Moreover, fetuses of monkeys poisoned with lead are normal, without apparent skeletal abnormalities (Tachon et al., 1983). Furthermore, these authors demonstrate the transfer of lead throughout the placental barrier and its storage in the blood and bone tissue of the fetus. The administration of high doses of lead to pregnant rats and mice causes delayed fetal skeletal development (Kennedy et al., 1975). However, the authors conclude that there are no specific skeletal abnormalities associated to lead exposure. Any center of mandible ossification may be teratogenically induced, causing probably a congenital jaw abnormality. Because of its relationship with the morphogenesis of the jaw, any developmental alteration of the Meckel's cartilage could result in the absence, deformity, or reduction of the mandible size. Frommer and Mergolies (1971) verify that an effective dose of teratogen before the 13th day of pregnancy could inhibit differentiation of Meckel’s cartilage in mice by blocking the initial development of the center of intramembranous ossification.

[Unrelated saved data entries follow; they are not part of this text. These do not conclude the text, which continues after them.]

(* Let $(\Omega,\mathcal{A},\{\mathcal{F}_t\}_{t\ge0},\mathbb{P})$ be a filtered probability space, where $\mathcal{F}_t=\sigma(Z_1(s),\dots,Z_m(s);\,0\le s\le t)$ is generated by finitely many stochastic factors. Let the log-price process $\{P(t)\}$ satisfy $dP(t)=\varsigma(t)\,dB(N(t))$, $t\in[0,T]$, where: (a) $N$ is an $\mathcal{F}_t$-adapted counting process with unit jumps having a positive, $\mathcal{F}_t$-predictable intensity $\lambda$ that is left-continuous with right-hand limits and $\int_0^t\lambda(s)ds<\infty$ a.s. for all $t$; (b) $\{B(n)\}_{n\ge0}$ is a Brownian motion with $B(N(t))$ $\mathcal{F}_t$-adapted; (c) $\varsigma$ is positive, continuous and $\mathcal{F}_t$-predictable. Assume $B$ is independent of $N$ and of $\varsigma$, and that $\mathbb{E}[\int_t^T\varsigma^2(r)\lambda(r)dr\mid\mathcal{F}_t]$, $\mathbb{E}[\varsigma^4(t)]$ and $\mathbb{E}[\int_0^t\varsigma^4(r)\lambda(r)dr]$ exist and are finite for all $t\in[0,T]$. Then $$\mathbb{E}\big[r_{\mathrm{daily}}^2-\mathrm{IV}(0,T)\big]=0,$$ where $r_{\mathrm{daily}}:=P(T)-P(0)$ and $\mathrm{IV}(0,T):=\int_0^T\varsigma^2(r)\lambda(r)\,dr$.
   Context: The integral $\int_s^t\varsigma(r)\,dB(N(r))$ is defined pathwise as $\sum_{s<t_i\le t}\varsigma(t_i)U_i$, where $t_i$ are the jump times of $N$ and $U_i:=B(N(t_i))-B(N(t_{i-1}))$. *)

theory Defs
  imports "HOL-Probability.Probability"
begin

definition factor_filtration ::
  "'a measure \<Rightarrow> (nat \<Rightarrow> real \<Rightarrow> 'a \<Rightarrow> real) \<Rightarrow> nat \<Rightarrow> real \<Rightarrow> 'a measure" where
  "factor_filtration M Z m t =
     sigma (space M) {Z i s -` A \<inter> space M | i s A. i < m \<and> 0 \<le> s \<and> s \<le> t \<and> A \<in> sets borel}"

definition predictable_sigma :: "(real \<Rightarrow> 'a measure) \<Rightarrow> 'a measure \<Rightarrow> (real \<times> 'a) measure" where
  "predictable_sigma F M =
     sigma ({0..} \<times> space M)
       ({{0} \<times> A | A. A \<in> sets (F 0)} \<union>
        {{s<..t} \<times> A | s t A. 0 \<le> s \<and> s \<le> t \<and> A \<in> sets (F s)})"

definition predictable :: "(real \<Rightarrow> 'a measure) \<Rightarrow> 'a measure \<Rightarrow> (real \<Rightarrow> 'a \<Rightarrow> real) \<Rightarrow> bool" where
  "predictable F M X \<longleftrightarrow> (\<lambda>(t, \<omega>). X t \<omega>) \<in> borel_measurable (predictable_sigma F M)"

definition counting_process :: "'a measure \<Rightarrow> (real \<Rightarrow> 'a \<Rightarrow> nat) \<Rightarrow> bool" where
  "counting_process M N \<longleftrightarrow>
     (\<forall>t. N t \<in> measurable M (count_space UNIV)) \<and>
     (\<forall>\<omega>\<in>space M.
        N 0 \<omega> = 0 \<and>
        mono_on {0..} (\<lambda>t. N t \<omega>) \<and>
        (\<forall>t\<ge>0. continuous (at_right t) (\<lambda>s. real (N s \<omega>))) \<and>
        (\<forall>t>0. ((\<lambda>s. real (N s \<omega>)) \<longlongrightarrow> real (N t \<omega>)) (at_left t) \<or>
               ((\<lambda>s. real (N s \<omega>)) \<longlongrightarrow> real (N t \<omega>) - 1) (at_left t)))"

definition jump_times :: "(real \<Rightarrow> 'a \<Rightarrow> nat) \<Rightarrow> 'a \<Rightarrow> real set" where
  "jump_times N \<omega> = {t. 0 < t \<and> \<not> ((\<lambda>s. real (N s \<omega>)) \<longlongrightarrow> real (N t \<omega>)) (at_left t)}"

definition has_intensity ::
  "'a measure \<Rightarrow> (real \<Rightarrow> 'a measure) \<Rightarrow> (real \<Rightarrow> 'a \<Rightarrow> nat) \<Rightarrow> (real \<Rightarrow> 'a \<Rightarrow> real) \<Rightarrow> bool" where
  "has_intensity M F N lam \<longleftrightarrow>
     predictable F M lam \<and> (\<forall>\<omega>\<in>space M. \<forall>t\<ge>0. 0 \<le> lam t \<omega>) \<and>
     (\<forall>C. predictable F M C \<longrightarrow> (\<forall>\<omega>\<in>space M. \<forall>t\<ge>0. 0 \<le> C t \<omega>) \<longrightarrow>
        (\<forall>t\<ge>0.
          (\<integral>\<^sup>+ \<omega>. ennreal (\<Sum>s\<in>{s\<in>jump_times N \<omega>. s \<le> t}. C s \<omega>) \<partial>M) =
          (\<integral>\<^sup>+ \<omega>. (\<integral>\<^sup>+ s\<in>{0<..t}. ennreal (C s \<omega> * lam s \<omega>) \<partial>lborel) \<partial>M)))"

definition brownian_motion :: "'a measure \<Rightarrow> (real \<Rightarrow> 'a \<Rightarrow> real) \<Rightarrow> bool" where
  "brownian_motion M B \<longleftrightarrow>
     (\<forall>t. B t \<in> borel_measurable M) \<and>
     (\<forall>\<omega>\<in>space M. B 0 \<omega> = 0 \<and> continuous_on {0..} (\<lambda>t. B t \<omega>)) \<and>
     (\<forall>s t. 0 \<le> s \<longrightarrow> s < t \<longrightarrow>
        distributed M lborel (\<lambda>\<omega>. B t \<omega> - B s \<omega>) (normal_density 0 (sqrt (t - s)))) \<and>
     (\<forall>(ts :: nat \<Rightarrow> real) n. (\<forall>i\<le>n. 0 \<le> ts i) \<longrightarrow> (\<forall>i<n. ts i < ts (Suc i)) \<longrightarrow>
        prob_space.indep_vars M (\<lambda>_. borel) (\<lambda>i \<omega>. B (ts (Suc i)) \<omega> - B (ts i) \<omega>) {..<n})"

text \<open>Pathwise integral int_(s,t] sig(r) dB(N(r)) = sum over jump times t_i in (s,t] of
  sig(t_i) U_i, with U_i = B(N(t_i)) - B(N(t_{i-1})) = B(N(t_i)) - B(N(t_i) - 1) (unit jumps).\<close>
definition jump_integral ::
  "(real \<Rightarrow> 'a \<Rightarrow> nat) \<Rightarrow> (real \<Rightarrow> 'a \<Rightarrow> real) \<Rightarrow> (real \<Rightarrow> 'a \<Rightarrow> real) \<Rightarrow> real \<Rightarrow> real \<Rightarrow> 'a \<Rightarrow> real" where
  "jump_integral N B sig s t \<omega> =
     (\<Sum>u\<in>{u\<in>jump_times N \<omega>. s < u \<and> u \<le> t}.
        sig u \<omega> * (B (real (N u \<omega>)) \<omega> - B (real (N u \<omega>) - 1) \<omega>))"

end

theory Submission
  imports Defs
begin

(* On each path the jump times in (0,T] are the first-passage times tau_1 < ... < tau_N(T) of N
   through the levels 1, ..., N(T), so r_daily = sum_{k <= N(T)} sig(tau_k) U_k with
   U_k = B(k) - B(k-1) independent standard normal.  As sig is continuous, sig(tau_k) is a limit
   of values of sig at dyadic grid points, so the weights and N(T) are measurable for
   sigma(N, sig), which is independent of B.  On each event {N(T) = j} the cross terms of the
   square then have mean zero, giving E[r_daily^2] = E[sum_{k <= N(T)} sig(tau_k)^2].  By the
   defining property of the intensity this sum over the jumps has the same mean as
   int_0^T sig^2 lambda, that is E[IV(0,T)], which is finite by the first moment condition. *)

section \<open>First-passage times of a counting path\<close>

definition first_passage :: "(real \<Rightarrow> nat) \<Rightarrow> nat \<Rightarrow> real" where
  "first_passage f k = Inf {t. 0 \<le> t \<and> k \<le> f t}"

definition path_jumps :: "(real \<Rightarrow> nat) \<Rightarrow> real set" where
  "path_jumps f = {t. 0 < t \<and> \<not> ((\<lambda>s. real (f s)) \<longlongrightarrow> real (f t)) (at_left t)}"

lemma jump_times_eq_path_jumps: "jump_times N \<omega> = path_jumps (\<lambda>t. N t \<omega>)"
  by (simp add: jump_times_def path_jumps_def)

(* The value of s at the first grid point i / 2^j at which f has reached k.  Unlike
   s (first_passage f k), it involves f and s only at the fixed times i / 2^j. *)
definition dyadic_passage_approx ::
  "(real \<Rightarrow> nat) \<Rightarrow> (real \<Rightarrow> real) \<Rightarrow> real \<Rightarrow> nat \<Rightarrow> nat \<Rightarrow> real" where
  "dyadic_passage_approx f s T k j =
     (\<Sum>i\<in>{1..nat \<lceil>T * 2^j\<rceil>}.
        if f ((real i - 1) / 2^j) < k \<and> k \<le> f (real i / 2^j) then s (real i / 2^j) else 0)"

lemma dyadic_ceiling_tendsto:
  fixes t :: real
  shows "(\<lambda>j. of_int \<lceil>t * 2^j\<rceil> / 2^j) \<longlonglongrightarrow> t"
proof (rule tendsto_sandwich[where f = "\<lambda>_. t" and h = "\<lambda>j. t + inverse (2^j)"])
  have "t \<le> of_int \<lceil>t * 2^j\<rceil> / 2^j \<and> of_int \<lceil>t * 2^j\<rceil> / 2^j \<le> t + inverse (2^j)" for j :: nat
    by (simp add: field_simps) linarith
  then show "\<forall>\<^sub>F j in sequentially. t \<le> of_int \<lceil>t * 2^j\<rceil> / 2^j"
    and "\<forall>\<^sub>F j in sequentially. of_int \<lceil>t * 2^j\<rceil> / 2^j \<le> t + inverse (2^j)"
    by simp_all
  show "(\<lambda>j. t + inverse ((2::real)^j)) \<longlonglongrightarrow> t"
    using tendsto_add[OF tendsto_const LIMSEQ_inverse_realpow_zero[of 2], of t] by simp
qed simp

locale counting_path =
  fixes f :: "real \<Rightarrow> nat"
  assumes start: "f 0 = 0"
    and mono: "mono_on {0..} f"
    and right_cont: "\<And>t. 0 \<le> t \<Longrightarrow> continuous (at_right t) (\<lambda>s. real (f s))"
    and unit_jumps: "\<And>t. 0 < t \<Longrightarrow> ((\<lambda>s. real (f s)) \<longlongrightarrow> real (f t)) (at_left t) \<or>
               ((\<lambda>s. real (f s)) \<longlongrightarrow> real (f t) - 1) (at_left t)"
begin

Meanwhile, no reports were found about the effects of maternal lead poisoning on the development of the fetal stomatognathic system. In the present study, Meckel's cartilage in the treated-group fetuses was poorly differentiated and composed of small lacunae and abundant ground substance, poorly calcified. Chondrocytes were smaller, irregularly arranged and shrunken into lacunae, with small, central, or slightly eccentric and hyperchromatic nuclei. Variable-sized lacunae were more numerous and smaller. Meanwhile, the cartilage matrix was abundant and poorly calcified in the treated-group fetuses. The morphometric evaluation of lacunae showed smaller diameters, perimeter, area, surface, volume, and volume to surface ratio in the treated group fetuses. Similarly, the shape of lacunae was modified in treated fetuses, appearing significantly elongated (Table 1).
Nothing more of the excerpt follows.